**** Records to use
text \<open>Zykov product: vertex (a,b) is encoded as a*m+b; (a,b)~(c,d) iff a~c in G or b~d in H.\<close>
definition zprod :: "graph \<Rightarrow> graph \<Rightarrow> graph" where
  "zprod G H = (let n = fst G; m = fst H; E = snd G; F = snd H in
     (n * m, \<lambda>u v. u < n * m \<and> v < n * m \<and> (E (u div m) (v div m) \<or> F (u mod m) (v mod m))))"

text \<open>Zykov ring: Grothendieck group of (graphs, join). An element is a formal
  difference P - N of graphs; P - N = P' - N' iff P+N'+K and P'+N+K are
  isomorphic for some graph K.\<close>
type_synonym zring = "graph \<times> graph"

definition zr_wf :: "zring \<Rightarrow> bool" where
  "zr_wf x \<longleftrightarrow> graph_wf (fst x) \<and> graph_wf (snd x)"

definition zr_eq :: "zring \<Rightarrow> zring \<Rightarrow> bool" where
  "zr_eq x y \<longleftrightarrow> (\<exists>K. graph_wf K \<and>
     graph_iso (zjoin (zjoin (fst x) (snd y)) K) (zjoin (zjoin (fst y) (snd x)) K))"

definition zr_zero :: zring where
  "zr_zero = (graph_empty, graph_empty)"

definition zr_one :: zring where
  "zr_one = (graph_K1, graph_empty)"

definition zr_K2 :: zring where
  "zr_K2 = (zjoin graph_K1 graph_K1, graph_empty)"

text \<open>(P - N)(Q - M) = (PQ + NM) - (PM + NQ)\<close>
definition zr_mul :: "zring \<Rightarrow> zring \<Rightarrow> zring" where
  "zr_mul x y = (zjoin (zprod (fst x) (fst y)) (zprod (snd x) (snd y)),
                 zjoin (zprod (fst x) (snd y)) (zprod (snd x) (fst y)))"

text \<open>Zykov field: field of fractions a/b of the Zykov ring, b \<noteq> 0.\<close>
type_synonym zfield = "zring \<times> zring"

definition zf_wf :: "zfield \<Rightarrow> bool" where
  "zf_wf x \<longleftrightarrow> zr_wf (fst x) \<and> zr_wf (snd x) \<and> \<not> zr_eq (snd x) zr_zero"

definition zf_eq :: "zfield \<Rightarrow> zfield \<Rightarrow> bool" where
  "zf_eq x y \<longleftrightarrow> zr_eq (zr_mul (fst x) (snd y)) (zr_mul (fst y) (snd x))"

definition zf_mul :: "zfield \<Rightarrow> zfield \<Rightarrow> zfield" where
  "zf_mul x y = (zr_mul (fst x) (fst y), zr_mul (snd x) (snd y))"

definition zf_K2 :: zfield where
  "zf_K2 = (zr_K2, zr_one)"

end

theory Submission
  imports Defs "HOL-Library.FuncSet"
begin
********
Go through the listing above and pull out each line containing the word "zring".

type_synonym zring = "graph \<times> graph"
definition zr_wf :: "zring \<Rightarrow> bool" where
definition zr_eq :: "zring \<Rightarrow> zring \<Rightarrow> bool" where
definition zr_zero :: zring where
definition zr_one :: zring where
definition zr_K2 :: zring where
definition zr_mul :: "zring \<Rightarrow> zring \<Rightarrow> zring" where
type_synonym zfield = "zring \<times> zring"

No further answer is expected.